La Drogue du Bonheur

Juin 2015


Il faut se méfier des groupes auxquels vous appartenez sur la FacedeBouck.... parfois certaines personnes vous prennent en otage ou vous mettent au défi !!


Le texte que je vous livre est un défi que m'a lancé une certaine Sandrine D , sur le groupe "Addict M/M,..." . A partir d'une photo, j'avais une semaine pour écrire une petite histoire de 2000 mots.


Je ne la remercierai jamais assez !! C'est la première fois depuis très longtemps que j'ai été aussi inspirée pour écrire le soir. Au final, c'est une petite nouvelle de 9 pages (environ 3500 mots) qui a vu le jour.


Merci à Sylvie B, pour la relecture 


Voici donc une tranche de vie d'Erwan et Nico...


Bonne lecture !!!




Dans sa minuscule chambre, qui tenait plus de la cellule carcérale qu’autre chose, un jeune homme tournait en rond, à l’intérieur du peu d’espace libre dont il disposait. Il ne réfléchissait pas. Il patientait, attendant l’heure de l’inévitable.

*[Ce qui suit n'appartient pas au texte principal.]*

(* Let $A\in\mathbb{R}^{m\times n}$ and $x\in\mathbb{R}^n$. Let $L\subseteq\mathrm{supp}(x)$ and $S\subseteq[n]\setminus L$. If there is no circuit $C\subseteq\mathrm{supp}(x)$ with $C\cap S\ne\emptyset$, then \[\|x_S\|_\infty\le\kappa_A\min_{z\in\ker(A)+x}\|z_{[n]\setminus\operatorname{cl}(L)}\|_1.\]
   Context: An elementary vector of $\ker(A)$ is a nonzero $g\in\ker(A)$ with inclusion-minimal support among nonzero vectors of $\ker(A)$; a circuit is the support of an elementary vector (equivalently, a circuit of the linear matroid of the columns of $A$). The circuit imbalance is $\kappa_A=\max\{|g_i|/|g_j|: g \text{ elementary},\ i,j\in\mathrm{supp}(g)\}$. For $S\subseteq[n]$, $\operatorname{rk}(S)=\operatorname{rk}(A_S)$ where $A_S$ is the column submatrix, and $\operatorname{cl}(S)=\{i\in[n]:\operatorname{rk}(S\cup\{i\})=\operatorname{rk}(S)\}$. $x_S$ is the restriction of $x$ to coordinates in $S$. *)

theory Defs
  imports "HOL-Analysis.Analysis"
begin

text \<open>A real m x n matrix is \<open>A :: real^'n^'m\<close>; the column index set [n] is \<open>UNIV :: 'n set\<close>.\<close>

definition supp :: "real^'n \<Rightarrow> 'n set" where
  "supp g = {i. g $ i \<noteq> 0}"

definition kerA :: "real^'n^'m \<Rightarrow> (real^'n) set" where
  "kerA A = {g. A *v g = 0}"

definition elementary :: "real^'n^'m \<Rightarrow> real^'n \<Rightarrow> bool" where
  "elementary A g \<longleftrightarrow> g \<in> kerA A \<and> g \<noteq> 0 \<and>
     (\<forall>h \<in> kerA A. h \<noteq> 0 \<longrightarrow> supp h \<subseteq> supp g \<longrightarrow> supp h = supp g)"

definition circuit :: "real^'n^'m \<Rightarrow> 'n set \<Rightarrow> bool" where
  "circuit A C \<longleftrightarrow> (\<exists>g. elementary A g \<and> supp g = C)"

text \<open>Circuit imbalance; the ratio set always contains 1 (take i = j) when an elementary
  vector exists; by convention \<open>\<kappa>_A = 1\<close> if \<open>ker A = {0}\<close>.\<close>
definition kappa :: "real^'n^'m \<Rightarrow> real" where
  "kappa A = Sup (insert 1 {\<bar>g $ i\<bar> / \<bar>g $ j\<bar> | g i j.
       elementary A g \<and> i \<in> supp g \<and> j \<in> supp g})"

definition rk :: "real^'n^'m \<Rightarrow> 'n set \<Rightarrow> nat" where
  "rk A S = dim ((\<lambda>i. column i A) ` S)"

definition cl :: "real^'n^'m \<Rightarrow> 'n set \<Rightarrow> 'n set" where
  "cl A S = {i. rk A (insert i S) = rk A S}"

definition norm_inf_on :: "'n set \<Rightarrow> real^'n \<Rightarrow> real" where
  "norm_inf_on S x = Sup (insert 0 ((\<lambda>i. \<bar>x $ i\<bar>) ` S))"

definition norm1_on :: "'n set \<Rightarrow> real^'n \<Rightarrow> real" where
  "norm1_on T z = (\<Sum>i\<in>T. \<bar>z $ i\<bar>)"

end

theory Submission
  imports Defs
begin

(* Fix i \<in> S with x_i \<noteq> 0 and z = h + x with h \<in> ker A. As no circuit inside supp x
  contains i, column i is not spanned by the other columns of supp x, and a fortiori not by
  those of cl L \<union> supp x minus i (recall L \<subseteq> supp x - {i}). Hence i \<notin> cl L, and every circuit
  through i meets W = [n] - (cl L \<union> supp x). Decomposing h conformally into elementary vectors g,
  each satisfying |g_i| \<le> \<kappa> |g_j| for some j \<in> W, yields |h_i| \<le> \<kappa> \<parallel>h_W\<parallel>_1 = \<kappa> \<parallel>z_W\<parallel>_1, so
  |x_i| \<le> |z_i| + |h_i| \<le> \<kappa> \<parallel>z_([n] - cl L)\<parallel>_1 because \<kappa> \<ge> 1. *)

lemma abs_add_eq_add_abs_if_mult_nonneg:
  fixes x y :: "'a :: linordered_idom"
  assumes "0 \<le> x * y"
  shows "\<bar>x + y\<bar> = \<bar>x\<bar> + \<bar>y\<bar>"
  using assms by (auto simp: zero_le_mult_iff)

lemma sign_preserving_step:
  fixes a b t :: real
  assumes t: "0 < t" and le: "0 < a * b \<Longrightarrow> t \<le> a / b" and b0: "a = 0 \<Longrightarrow> b = 0"
  shows "0 \<le> (a - t * b) * a" and "0 \<le> a * b \<Longrightarrow> \<bar>a\<bar> = \<bar>a - t * b\<bar> + t * \<bar>b\<bar>"
proof -
  consider "a * b = 0" | "a * b < 0" | "0 < a * b" by linarith
  then have "0 \<le> (a - t * b) * a \<and> (0 \<le> a * b \<longrightarrow> \<bar>a\<bar> = \<bar>a - t * b\<bar> + t * \<bar>b\<bar>)"
  proof cases
    case 1
    then have "b = 0" using b0 by auto
    then show ?thesis by simp
  next
    case 2
    have "(a - t * b) * a = a * a - t * (a * b)" by (simp add: algebra_simps)
    moreover have "t * (a * b) < 0" using t 2 by (rule mult_pos_neg)
    ultimately have "0 \<le> (a - t * b) * a" using zero_le_square[of a] by linarith
    then show ?thesis using 2 by simp
  next
    case 3
    then have "t * b * b \<le> a * b"
      using le by (simp add: le_divide_eq split: if_splits)
    then have ab: "0 \<le> (a - t * b) * b" by (simp add: algebra_simps)
    then have "0 \<le> (a - t * b) * a" using 3 by (auto simp: zero_le_mult_iff zero_less_mult_iff)
    moreover have "0 \<le> (a - t * b) * (t * b)"
      using mult_nonneg_nonneg[OF less_imp_le[OF t] ab] by (simp add: ac_simps)
    then have "\<bar>(a - t * b) + t * b\<bar> = \<bar>a - t * b\<bar> + \<bar>t * b\<bar>"
      by (rule abs_add_eq_add_abs_if_mult_nonneg)
    then have "\<bar>a\<bar> = \<bar>a - t * b\<bar> + t * \<bar>b\<bar>"
      using t by (simp add: abs_mult)
    ultimately show ?thesis by simp
  qed
  then show "0 \<le> (a - t * b) * a" and "0 \<le> a * b \<Longrightarrow> \<bar>a\<bar> = \<bar>a - t * b\<bar> + t * \<bar>b\<bar>"
    by auto
qed
(* Let $\mathcal{P}$ be a finite set of atomic propositions, $u \in (2^{\mathcal{P}})^\ast$, $v \in (2^{\mathcal{P}})^+$, $\rho$ a regular expression, $\varphi$ a PSL formula, $m$ the number of states of the minimal deterministic finite automaton over $2^{\mathcal{P}}$ recognizing $L(\rho)$, and $b = m+1$. Then for every $i$ with $0 \le i \le |uv|-1$: $uv^\omega[i,\infty) \models \rho \mapsto \varphi$ if and only if for all $j \in \mathbb{N}$ with $i < j < |u| + b|v|$, $uv^\omega[i,j) \vdash \rho$ implies $uv^\omega[j-1,\infty) \models \varphi$.
   Context: Words: for $\alpha = a_0a_1\ldots$ and $i\le j$, $\alpha[i,j) = a_i\ldots a_{j-1}$ ($\alpha[i,i)=\varepsilon$), $\alpha[i]=a_i$, $\alpha[i,\infty)=a_ia_{i+1}\ldots$; $uv^\omega = uvvv\ldots$. Regular expressions: atomic expressions $\xi ::= p \in \mathcal{P} \mid \lnot \xi \mid \xi \lor \xi$, with $[\![p]\!] = \{A \subseteq \mathcal{P} : p \in A\}$, $[\![\lnot\xi]\!] = 2^{\mathcal{P}} \setminus [\![\xi]\!]$, $[\![\xi_1 \lor \xi_2]\!] = [\![\xi_1]\!] \cup [\![\xi_2]\!]$. Regular expressions $\rho ::= \varepsilon \mid \xi \mid \rho + \rho \mid \rho \circ \rho \mid \rho^\ast$. Matching on infixes of a word $w$: $w[i,j) \vdash \varepsilon$ iff $j=i$; $w[i,j) \vdash \xi$ iff $j=i+1$ and $w[i] \in [\![\xi]\!]$; $w[i,j)\vdash \rho_1+\rho_2$ iff $w[i,j)\vdash\rho_1$ or $w[i,j)\vdash\rho_2$; $w[i,j)\vdash \rho_1\circ\rho_2$ iff there is $k\in\{i,\ldots,j\}$ with $w[i,k)\vdash\rho_1$ and $w[k,j)\vdash\rho_2$; $w[i,j)\vdash\rho^\ast$ iff $j=i$ or there is $k\in\{i+1,\ldots,j\}$ with $w[i,k)\vdash\rho$ and $w[k,j)\vdash\rho^\ast$. $L(\rho)=\{w\in(2^{\mathcal{P}})^\ast : w[0,|w|)\vdash\rho\}$. PSL formulas: $\varphi ::= p\in\mathcal{P} \mid \lnot\varphi \mid \varphi\lor\varphi \mid \mathbf{X}\varphi \mid \varphi\,\mathbf{U}\,\varphi \mid \rho\mapsto\varphi$, evaluated on $\alpha\in(2^{\mathcal{P}})^\omega$: $\alpha\models p$ iff $p\in\alpha[0]$; $\alpha\models\lnot\varphi$ iff not $\alpha\models\varphi$; $\alpha\models\varphi_1\lor\varphi_2$ iff $\alpha\models\varphi_1$ or $\alpha\models\varphi_2$; $\alpha\models\mathbf{X}\varphi$ iff $\alpha[1,\infty)\models\varphi$; $\alpha\models\varphi_1\mathbf{U}\varphi_2$ iff there is $j$ with $\alpha[j,\infty)\models\varphi_2$ and $\alpha[i,\infty)\models\varphi_1$ for all $i<j$; $\alpha\models\rho\mapsto\varphi$ iff for all $i\in\mathbb{N}\setminus\{0\}$, $\alpha[0,i)\vdash\rho$ implies $\alpha[i-1,\infty)\models\varphi$. *)

theory Defs
  imports Main
begin
lemma image_Kn_Suc: "\<sigma> ` Kn c \<alpha> (Suc n) = Kn c \<alpha> (Suc n)"
proof -
  have "\<sigma> ` Kn c \<alpha> (Suc n) = gen_subfield (\<sigma> ` (range to_ac \<union> iter_preimage c \<alpha> (Suc n)))"
    unfolding Kn_eq by (rule image_gen_subfield[OF Kn_Suc_subset_Kinf[unfolded Kn_eq]])
  also have "\<sigma> ` (range to_ac \<union> iter_preimage c \<alpha> (Suc n)) = range to_ac \<union> iter_preimage c \<alpha> (Suc n)"
    unfolding image_Un image_iter_preimage by (simp add: image_image fixes_to_ac)
  finally show ?thesis unfolding Kn_eq .
qed

lemma Ginf_intro: "\<sigma> \<in> Ginf c \<alpha>"
proof -
  have "\<sigma> ` Kn c \<alpha> n = Kn c \<alpha> n" if "n \<in> {1..}" for n
    using that image_Kn_Suc by (cases n) auto
  then have "\<sigma> ` Kinf c \<alpha> = Kinf c \<alpha>" unfolding Kinf_def image_UN by simp
  then have "bij_betw \<sigma> (Kinf c \<alpha>) (Kinf c \<alpha>)" using inj_on unfolding bij_betw_def by blast
  then show ?thesis unfolding Ginf_def using map_add map_mult fixes_to_ac by blast
qed

end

Erwan allait encore craquer. La dernière. Pour céder à la tentation, il devait réussir son projet d’évasion parce qu’il avait une ultime chose à faire avant… de partir.


Il avait tenu le plus longtemps possible, gardant l’espoir qu’ils le laisseraient bientôt sortir. Carlo, l’aide-soignant de nuit – le garde-chiourme du pavillon Bleu en réalité – lui avait enlevé toute raison d’espérer, hier soir, après une autre de leurs altercations. Ce gros porc avait encore tenté de glisser ses sales pattes sur lui. Cette énième agression l’avait rendu malade, à tel point qu’il avait vomi sur l’autre salaud et depuis, le jeune homme était encore plus déterminé à réussir…


Le prisonnier rongeait son frein. Cette nuit sonnerait la fin de la comédie qu’il jouait à tout le monde ainsi qu’à lui-même. Son visage concentré reflétait un semblant de courage qui ne s’y trouvait pas encore hier. Et c’était surement ce qui le tenait éveillé si tard dans la nuit. Erwan se sentait enfin prêt.

Son psychothérapeute pouvait bien lui expliquer qu’il se trouvait là pour son propre bien-être, lui savait très bien pourquoi il avait accepté de se laisser enfermer dans ce centre spécialisé dans les TCA[1]. Parce que… Il n’avait aucun problème avec la nourriture. C’était juste que son corps était en phase avec son esprit. Erwan avait perdu l’appétit le jour où il avait réalisé qu’il était éperdument amoureux de son voisin et ami d’enfance Nico. Il ne détestait pas son corps mince et trop gracile pour un garçon. Il n’avait juste plus assez faim pour que le peu de nourriture qu’il ingère soit suffisant pour étoffer sa carrure. Tous les aliments avaient perdu leur saveur. Tout était devenu fade et insipide. Alors à quoi bon manger dans ces conditions ?


N’ayant jamais été attiré par qui que ce soit avant cette découverte, son orientation sexuelle était une surprise pour lui. Son psy lui soutenait qu’il était toujours en plein déni et que l’origine de son mal-être pouvait se trouver cacher quelque part dans son environnement familial très peu… accueillant. Un doux euphémisme pour évoquer ses géniteurs ! Si Erwan avait eu peur un jour, ce n’était sûrement pas pour lui-même mais plutôt pour… Nico.


Admettre son homosexualité et faire son coming-out l’aurait obligé à affronter le regard des autres sur celui qu’il admirait et aimait depuis plusieurs mois. Nico, le sportif dans l’âme, le dragueur sélectif et l’ami constant lui aurait-il toujours accordé la même attention ? Son regard bienveillant, plus proche d’un frangin que d’un ami, se serait-il terni ? Cela il n’aurait pu le supporter. Perdre son amitié, son estime et sa confiance pour découvrir dans ces grands yeux noir du dégoût, de la honte voire pire, du rejet… hors de question.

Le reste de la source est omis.